**Stored items:**

lemma f_in_ball: "z \<in> ball 0 1 \<Longrightarrow> f z \<in> ball 0 1"
  using f_bij unfolding bij_betw_def by auto

lemma norm_q_less_1: "z \<in> ball 0 1 \<Longrightarrow> cmod (q z) < 1"
  using q_range by (force simp: image_subset_iff)

lemma f_has_derivative:
  assumes z: "z \<in> ball 0 1"
  shows "(f has_derivative harmonic_differential (deriv h z) (deriv g z)) (at z)"
  using has_derivative_harmonic[OF holomorphic_derivI[OF hol_h open_ball z]
      holomorphic_derivI[OF hol_g open_ball z]]
  by (rule has_derivative_transform_within_open[OF _ open_ball z]) (use f_decomp in auto)

lemma continuous_on_f: "continuous_on (ball 0 1) f"
  using f_has_derivative has_derivative_continuous
  by (metis continuous_at_imp_continuous_on)

lemma norm_deriv_g_less:
  assumes z: "z \<in> ball 0 1"
  shows "cmod (deriv g z) < cmod (deriv h z)"
proof -
  have "jac (\<lambda>z. Re (f z)) (\<lambda>z. Im (f z)) z = (cmod (deriv h z))\<^sup>2 - (cmod (deriv g z))\<^sup>2"
    unfolding jac_def pdu_pdv_of_has_derivative[OF has_derivative_Re[OF f_has_derivative[OF z]]]
      pdu_pdv_of_has_derivative[OF has_derivative_Im[OF f_has_derivative[OF z]]]
    by (rule harmonic_differential_det)
  moreover have "jac (\<lambda>z. Re (f z)) (\<lambda>z. Im (f z)) z > 0" using f_orient z by blast
  ultimately have "(cmod (deriv g z))\<^sup>2 < (cmod (deriv h z))\<^sup>2" by linarith
  then show ?thesis using power2_less_imp_less by fastforce
qed

lemma deriv_h_nonzero: "z \<in> ball 0 1 \<Longrightarrow> deriv h z \<noteq> 0"
  using norm_deriv_g_less by fastforce

lemma deriv_g_eq: "z \<in> ball 0 1 \<Longrightarrow> deriv g z = deriv h z * (q z)\<^sup>2"
  using q_sq deriv_h_nonzero by simp

lemma x3_has_derivative:
  assumes z: "z \<in> ball 0 1"
  shows "(x3 has_derivative (\<lambda>k. Re (harmonic_differential (deriv h z) (deriv g z) k) * pdu F (f z)
           + Im (harmonic_differential (deriv h z) (deriv g z) k) * pdv F (f z))) (at z)"
  using has_derivative_compose[OF f_has_derivative[OF z]
      has_derivative_partials[OF F_differentiable(1)[OF f_in_ball[OF z]]]]
  by (rule has_derivative_transform_within_open[OF _ open_ball z]) (use x3_graph in auto)
text \<open>Here \<open>A\<close> is re-paired on \<open>S - {x, B x}\<close> so that \<open>A x\<close> and \<open>A (B x)\<close> become partners;
  they then have different colours, which \<open>x\<close> and \<open>B x\<close> copy in reverse.\<close>
lemma two_colouring_extend_splice:
  fixes c :: "'a \<Rightarrow> bool"
  assumes A: "fpf_involution_on S A" and B: "fpf_involution_on S B"
    and x: "x \<in> S" and not_shared: "A x \<noteq> B x"
    and c: "\<forall>z\<in>S - {x, B x}. c ((A(A x := A (B x), A (B x) := A x)) z) \<noteq> c z \<and> c (B z) \<noteq> c z"
  shows "\<exists>d :: 'a \<Rightarrow> bool. \<forall>z\<in>S. d (A z) \<noteq> d z \<and> d (B z) \<noteq> d z"
proof -
  define y where "y = B x"
  define S' where "S' = S - {x, y}"
  define A' where "A' = A(A x := A y, A y := A x)"
  have y: "y \<in> S" "y \<noteq> x" "B y = x"
    using fpf_involutionD[OF B x] unfolding y_def by auto
  note Ax = fpf_involutionD[OF A x] and Ay = fpf_involutionD[OF A y(1)]
  have A': "fpf_involution_on S' A'"
    unfolding A'_def S'_def
    by (rule fpf_involution_on_splice[OF A x y(1,2)]) (use not_shared y_def in auto)
  have B': "fpf_involution_on S' B"
    unfolding S'_def y_def by (rule fpf_involution_on_Diff_orbit[OF B x])
  have c: "\<forall>z\<in>S'. c (A' z) \<noteq> c z \<and> c (B z) \<noteq> c z"
    using c unfolding A'_def S'_def y_def .
  have "A y \<noteq> x" "A x \<noteq> A y" using not_shared Ax(3) Ay(3) y(2) y_def by metis+
  then have AS': "A x \<in> S'" "A y \<in> S'" "A x \<noteq> A y"
    using Ax(1,2) Ay(1,2) not_shared y_def unfolding S'_def by auto
  have "A' (A x) = A y" unfolding A'_def using AS'(3) by simp
  then have cA: "c (A y) \<noteq> c (A x)" using c AS'(1) by metis
  define d where "d = c(x := \<not> c (A x), y := c (A x))"
  have d_S': "d z = c z" if "z \<in> S'" for z using that unfolding d_def S'_def by auto
  have dxy: "d x = (\<not> c (A x))" "d y = c (A x)" using y(2) unfolding d_def by auto
  have "d (A z) \<noteq> d z \<and> d (B z) \<noteq> d z" if "z \<in> S" for z
  proof (cases "z \<in> S'")
    case True
    have "d (B z) \<noteq> d z" using c True d_S' fpf_involutionD(1)[OF B' True] by metis
    moreover have "d (A z) \<noteq> d z"
    proof -
      consider "z = A x" | "z = A y" | "z \<noteq> A x" "z \<noteq> A y" by blast
      then show ?thesis
      proof cases
        case 1
        then show ?thesis using Ax(3) dxy d_S' AS' by simp
      next
        case 2
        then show ?thesis using Ay(3) dxy d_S' AS' cA by simp
      next
        case 3
        then have "A' z = A z" unfolding A'_def by simp
        then show ?thesis using c True d_S' fpf_involutionD(1)[OF A' True] by metis
      qed
    qed
    ultimately show ?thesis by blast
  next
    case False
    then have "z = x \<or> z = y" using that unfolding S'_def by blast
    then show ?thesis using dxy d_S' AS' cA y(3) unfolding y_def by auto
  qed
  then show ?thesis by (intro exI[of _ d]) blast
qed
(* Each NFDH level pays for the height h of the next one. If the items of the current level other
   than its first one have total length cur - e and area D, then D >= (cur - e) h because heights
   are non-increasing; the item opening the next level does not fit, so adding its area gives at
   least (1 - \<delta>) h. The first item of a level has thus already paid for the previous level. *)
lemma nfdh_h_shifted_bound:
  assumes "sorted_wrt (\<lambda>a b. hgt b \<le> hgt a) ys"
    and "\<forall>y\<in>set ys. 0 \<le> len y \<and> len y \<le> \<delta> \<and> 0 \<le> hgt y"
    and "e \<le> \<delta>" "e \<le> cur" "0 \<le> D" "\<forall>y\<in>set ys. (cur - e) * hgt y \<le> D"
  shows "(1 - \<delta>) * nfdh_h cur 0 ys \<le> face_area ys + D"
  using assms
proof (induction ys arbitrary: cur e D)
  case Nil
  then show ?case by (simp add: face_area_def)
next
  case (Cons y ys)
  have y: "0 \<le> len y" "len y \<le> \<delta>" "0 \<le> hgt y" using Cons.prems(2) by auto
  have sorted: "sorted_wrt (\<lambda>a b. hgt b \<le> hgt a) ys" "\<forall>z\<in>set ys. hgt z \<le> hgt y"
    using Cons.prems(1) by auto
  have Dy: "(cur - e) * hgt y \<le> D" using Cons.prems(6) by auto
  show ?case
  proof (cases "cur + len y \<le> 1")
    case True
    have "\<forall>z\<in>set ys. (cur + len y - e) * hgt z \<le> D + len y * hgt y"
    proof
      fix z assume z: "z \<in> set ys"
      have "(cur - e) * hgt z \<le> (cur - e) * hgt y"
        using sorted(2) z Cons.prems(4) by (intro mult_left_mono) auto
      moreover have "len y * hgt z \<le> len y * hgt y"
        using sorted(2) z y by (intro mult_left_mono) auto
      ultimately show "(cur + len y - e) * hgt z \<le> D + len y * hgt y"
        using Dy by (simp add: algebra_simps)
    qed
    then have "(1 - \<delta>) * nfdh_h (cur + len y) 0 ys \<le> face_area ys + (D + len y * hgt y)"
      using Cons.IH[OF sorted(1), where cur="cur + len y" and e=e and D="D + len y * hgt y"]
        Cons.prems y by auto
    then show ?thesis using True by (simp add: face_area_def algebra_simps)
  next
    case False
    have "(1 - \<delta>) * nfdh_h (len y) 0 ys \<le> face_area ys"
      using Cons.IH[OF sorted(1), where cur="len y" and e="len y" and D=0] Cons.prems y by auto
    moreover have "(1 - \<delta>) * hgt y \<le> (cur - e + len y) * hgt y"
      using False Cons.prems(3) y by (intro mult_right_mono) auto
    ultimately show ?thesis
      using False Dy nfdh_h_eq_add[of "len y" "hgt y"] by (simp add: face_area_def algebra_simps)
  qed
qed

lemma nfdh_h_removal_head:
  assumes "sorted_wrt (\<lambda>a b. hgt b \<le> hgt a) (x # ys)"
    and "\<forall>y\<in>set (x # ys). 0 \<le> len y \<and> len y \<le> \<delta> \<and> 0 \<le> hgt y"
    and "0 \<le> cur" "0 \<le> D" "\<forall>y\<in>set (x # ys). cur * hgt y \<le> D"
  shows "(1 - \<delta>) * nfdh_h cur 0 (x # ys) \<le> face_area ys + D"
proof (cases "cur + len x \<le> 1")
  case True
  then show ?thesis
    using nfdh_h_shifted_bound[of ys \<delta> "len x" "cur + len x" D] assms by auto
next
  case False
  have "(1 - \<delta>) * nfdh_h (len x) 0 ys \<le> face_area ys"
    using nfdh_h_shifted_bound[of ys \<delta> "len x" "len x" 0] assms by auto
  moreover have "(1 - \<delta>) * hgt x \<le> cur * hgt x"
    using False assms(2) by (intro mult_right_mono) auto
  ultimately show ?thesis
    using False assms(5) nfdh_h_eq_add[of "len x" "hgt x"] by (simp add: algebra_simps)
qed

(* Up to x every level pays with its full area, since its length already exceeds 1 - \<delta>; from the
   level of x on, x takes the place of the first item in nfdh_h_shifted_bound. *)
lemma nfdh_h_removal_bound:
  assumes "sorted_wrt (\<lambda>a b. hgt b \<le> hgt a) ys"
    and "\<forall>y\<in>set ys. 0 \<le> len y \<and> len y \<le> \<delta> \<and> 0 \<le> hgt y"
    and "x \<in> set ys" "0 \<le> cur" "0 \<le> D" "\<forall>y\<in>set ys. cur * hgt y \<le> D"
  shows "(1 - \<delta>) * nfdh_h cur 0 ys \<le> face_area ys - len x * hgt x + D"
  using assms
proof (induction ys arbitrary: cur D)
  case Nil
  then show ?case by simp
next
  case (Cons y ys)
  show ?case
  proof (cases "y = x")
    case True
    then show ?thesis using nfdh_h_removal_head[of x ys \<delta> cur D] Cons.prems
      by (simp add: face_area_def)
  next
    case False
    then have x: "x \<in> set ys" using Cons.prems(3) by auto
    have y: "0 \<le> len y" "len y \<le> \<delta>" "0 \<le> hgt y" using Cons.prems(2) by auto
    have sorted: "sorted_wrt (\<lambda>a b. hgt b \<le> hgt a) ys"
      and credit: "\<forall>z\<in>set ys. len y * hgt z \<le> len y * hgt y"
      using Cons.prems(1) y by (auto intro: mult_left_mono)
    have Dy: "cur * hgt y \<le> D" and Dys: "\<forall>z\<in>set ys. cur * hgt z \<le> D"
      using Cons.prems(6) by auto
    show ?thesis
    proof (cases "cur + len y \<le> 1")
      case True
      have "\<forall>z\<in>set ys. (cur + len y) * hgt z \<le> D + len y * hgt y"
        using Dys credit by (auto simp: distrib_right intro: add_mono)
      then have "(1 - \<delta>) * nfdh_h (cur + len y) 0 ys
                   \<le> face_area ys - len x * hgt x + (D + len y * hgt y)"
        using Cons.IH[OF sorted _ x, where cur="cur + len y" and D="D + len y * hgt y"]
          Cons.prems y by auto
      then show ?thesis using True by (simp add: face_area_def algebra_simps)
    next
      case False
      have "(1 - \<delta>) * nfdh_h (len y) 0 ys \<le> face_area ys - len x * hgt x + len y * hgt y"
        using Cons.IH[OF sorted _ x, where cur="len y" and D="len y * hgt y"]
          Cons.prems y credit by auto
      moreover have "(1 - \<delta>) * hgt y \<le> cur * hgt y"
        using False y by (intro mult_right_mono) auto
      ultimately show ?thesis
        using False Dy nfdh_h_eq_add[of "len y" "hgt y"] by (simp add: face_area_def algebra_simps)
    qed
  qed
qed
text \<open>Layered code: for every layer \<open>S\<close> (an \<open>r\<close>-set of nodes) the message holds \<open>\<kappa> = r - \<tau>1\<close>
  digits \<open>< q\<close>, the coefficients of a polynomial \<open>f\<^sub>S\<close> of degree \<open>< \<kappa>\<close>, and node \<open>i\<close> stores
  \<open>f\<^sub>S(i)\<close> for all layers \<open>S \<ni> i\<close>. Any \<open>n - \<tau>1\<close> nodes meet a layer in at least \<open>\<kappa>\<close> points, which
  determine \<open>f\<^sub>S\<close>; to repair node \<open>j\<close>, helper \<open>i\<close> sends \<open>f\<^sub>S(i)\<close> for the layers \<open>S \<supseteq> {i, j}\<close>.
  The exponent \<open>t\<close> only pads the repair alphabet.\<close>

lemma layered_ER_code:
  fixes n \<tau>1 \<tau>2 r q t :: nat
  defines "\<kappa> \<equiv> r - \<tau>1" and "P \<equiv> q * (r - \<tau>1) * n ^ (r - \<tau>1) + 1"
  assumes \<tau>: "1 \<le> \<tau>2" "\<tau>2 \<le> \<tau>1" and r: "\<tau>1 < r" "r \<le> n" and "1 \<le> q" "1 \<le> t"
  shows "ER_code n (n - \<tau>1) (n - \<tau>2) (q ^ ((n choose r) * \<kappa>))
    (P ^ ((n - 1) choose (r - 1))) (P ^ (((n - 2) choose (r - 2)) * t))"
proof -
  define X where "X = PiE (layers n r \<times> {..<\<kappa>}) (\<lambda>_. {..<q})"
  define c where "c i m = restrict (\<lambda>S. layer_eval \<kappa> m S i) {S \<in> layers n r. i \<in> S}" for i m
  define R where "R i (A :: nat set) j y = restrict y {S \<in> layers n r. {i, j} \<subseteq> S}"
    for i A j and y :: "nat set \<Rightarrow> nat"
  have c_in: "c i ` X \<subseteq> PiE {S \<in> layers n r. i \<in> S} (\<lambda>_. {..<P})" if "i \<in> {1..n}" for i
    unfolding c_def P_def \<kappa>_def[symmetric] using layer_eval_less that r
    by (intro image_subsetI) (simp add: restrict_PiE_iff X_def)
  show ?thesis
  proof (rule ER_code_from_determining_maps[where X = X and c = c and R = R])
    show "finite X" unfolding X_def by (simp add: finite_PiE finite_layers)
    show "card X = q ^ ((n choose r) * \<kappa>)"
      unfolding X_def by (simp add: card_PiE finite_layers card_cartesian_product card_layers)
    show "1 \<le> q ^ ((n choose r) * \<kappa>)" "1 \<le> P ^ ((n - 1) choose (r - 1))"
      "1 \<le> P ^ (((n - 2) choose (r - 2)) * t)"
      using \<open>1 \<le> q\<close> unfolding P_def by simp_all
  next
    fix i assume "i \<in> {1..n}"
    then show "card (c i ` X) \<le> P ^ ((n - 1) choose (r - 1))"
      using card_layers_containing[of "{i}" n r]
      by (intro card_le_power_if_subset_PiE[OF c_in]) (auto simp: finite_layers P_def)
  next
    fix j A i assume "j \<in> {1..n}" "A \<subseteq> {1..n} - {j}" "card A = n - \<tau>2" "i \<in> A"
    then have "i \<noteq> j" by blast
    with \<open>j \<in> {1..n}\<close> \<open>A \<subseteq> {1..n} - {j}\<close> \<open>i \<in> A\<close>
    have ij: "{i, j} \<subseteq> {1..n}" "card {i, j} = 2" by auto
    have "R i A j ` c i ` X \<subseteq> PiE {S \<in> layers n r. {i, j} \<subseteq> S} (\<lambda>_. {..<P})"
      using c_in ij(1) unfolding R_def by (fastforce simp: PiE_iff)
    moreover have "card {S \<in> layers n r. {i, j} \<subseteq> S} \<le> ((n - 2) choose (r - 2)) * t"
      using card_layers_containing[OF ij(1), of r] ij(2) \<open>1 \<le> t\<close>
      by (auto intro: order.trans[OF _ mult_le_mono2[of 1 t]])
    ultimately show "card (R i A j ` c i ` X) \<le> P ^ (((n - 2) choose (r - 2)) * t)"
      by (rule card_le_power_if_subset_PiE) (auto simp: finite_layers P_def)
  next
    fix A m m' assume A: "A \<subseteq> {1..n}" "card A = n - \<tau>1" and "m \<in> X" "m' \<in> X"
      and eq: "\<And>i. i \<in> A \<Longrightarrow> c i m = c i m'"
    show "m = m'"
    proof (rule PiE_ext[OF \<open>m \<in> X\<close>[unfolded X_def] \<open>m' \<in> X\<close>[unfolded X_def]])
      fix p assume "p \<in> layers n r \<times> {..<\<kappa>}"
      then obtain S t' where p: "p = (S, t')" "S \<in> layers n r" "t' < \<kappa>" by auto
      have "layer_eval \<kappa> m S x = layer_eval \<kappa> m' S x" if "x \<in> S \<inter> A" for x
        using fun_cong[OF eq[of x], of S] that p(2) unfolding c_def by simp
      then have "\<forall>t<\<kappa>. m (S, t) = m' (S, t)"
        using A r unfolding \<kappa>_def by (intro layer_eval_determined[OF p(2) A(1)]) auto
      then show "m p = m' p"
        using p by simp
    qed
  next
    fix j A m m' assume jA: "j \<in> {1..n}" "A \<subseteq> {1..n} - {j}" "card A = n - \<tau>2"
      and "m \<in> X" "m' \<in> X" and eq: "\<And>i. i \<in> A \<Longrightarrow> R i A j (c i m) = R i A j (c i m')"
    show "c j m = c j m'"
      unfolding c_def
    proof (rule restrict_ext)
      fix S assume S: "S \<in> {S \<in> layers n r. j \<in> S}"
      have "layer_eval \<kappa> m S x = layer_eval \<kappa> m' S x" if "x \<in> S \<inter> A" for x
        using fun_cong[OF eq[of x], of S] that S unfolding R_def c_def by auto
      moreover have "A \<subseteq> {1..n}" using jA(2) by blast
      ultimately have "\<forall>t<\<kappa>. m (S, t) = m' (S, t)"
        using S jA(3) r \<tau> unfolding \<kappa>_def by (intro layer_eval_determined) auto
      then show "layer_eval \<kappa> m S j = layer_eval \<kappa> m' S j"
        unfolding layer_eval_def by simp
    qed
  qed
qed
(* Let $n\le m$ and let $W\in\mathbb{R}^{n\times m}$ have full row rank $n$. Let $r\ge 1$ be an integer with $2r\le n$. Define the rank capacity of a parameterized adapter $f_\theta(W)$ by $$\mathcal{R}(f_\theta;W):=\max_{\theta}\operatorname{rank}(f_\theta(W))-\min_{\theta}\operatorname{rank}(f_\theta(W)).$$ Consider: (i) the rank-$r$ LoRA adapter $f_{\{A,B\}}(W)=W+AB^T$, where $A\in\mathbb{R}^{n\times r}$ and $B\in\mathbb{R}^{m\times r}$ range over all real matrices; (ii) the rank-$r$ additive spectral adapter: fix a singular value decomposition $W=USV^T$ with $U\in\mathbb{R}^{n\times n}$, $V\in\mathbb{R}^{m\times m}$ orthogonal and $S\in\mathbb{R}^{n\times m}$ rectangular diagonal with the singular values in nonincreasing order; write $U=[U_1\ U_2]$, $V=[V_1\ V_2]$ with $U_1\in\mathbb{R}^{n\times r}$, $V_1\in\mathbb{R}^{m\times r}$ the first $r$ columns; and set $f_{\{A_U,A_V\}}(W)=[U_1+A_U\ \ U_2]\,S\,[V_1+A_V\ \ V_2]^T$, where $A_U\in\mathbb{R}^{n\times r}$ and $A_V\in\mathbb{R}^{m\times r}$ range over all real matrices. Both adapters have $r(n+m)$ trainable parameters, and $$\mathcal{R}(\mathrm{LoRA};W)=r,\qquad \mathcal{R}(\mathrm{Spectral\ Adapter}^A;W)=2r.$$ *)

theory Defs
  imports "Jordan_Normal_Form.DL_Rank"
begin

definition mrank :: "real mat \<Rightarrow> nat" where
  "mrank M = vec_space.rank (dim_row M) M"

definition orth_mat :: "nat \<Rightarrow> real mat \<Rightarrow> bool" where
  "orth_mat k Q \<longleftrightarrow> Q \<in> carrier_mat k k \<and> transpose_mat Q * Q = 1\<^sub>m k \<and> Q * transpose_mat Q = 1\<^sub>m k"

definition is_svd :: "nat \<Rightarrow> nat \<Rightarrow> real mat \<Rightarrow> real mat \<Rightarrow> real mat \<Rightarrow> real mat \<Rightarrow> bool" where
  "is_svd n m W U S V \<longleftrightarrow>
     orth_mat n U \<and> orth_mat m V \<and> S \<in> carrier_mat n m \<and>
     (\<forall>i<n. \<forall>j<m. i \<noteq> j \<longrightarrow> S $$ (i,j) = 0) \<and>
     (\<forall>i<min n m. S $$ (i,i) \<ge> 0) \<and>
     (\<forall>i j. i \<le> j \<and> j < min n m \<longrightarrow> S $$ (j,j) \<le> S $$ (i,i)) \<and>
     W = U * S * transpose_mat V"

**Exercise brief:** Reproduce the entries exactly, starting at their first line and stopping after the line with "using q_range by".

**Answer section:**
lemma f_in_ball: "z \<in> ball 0 1 \<Longrightarrow> f z \<in> ball 0 1"
  using f_bij unfolding bij_betw_def by auto

lemma norm_q_less_1: "z \<in> ball 0 1 \<Longrightarrow> cmod (q z) < 1"
  using q_range by (force simp: image_subset_iff)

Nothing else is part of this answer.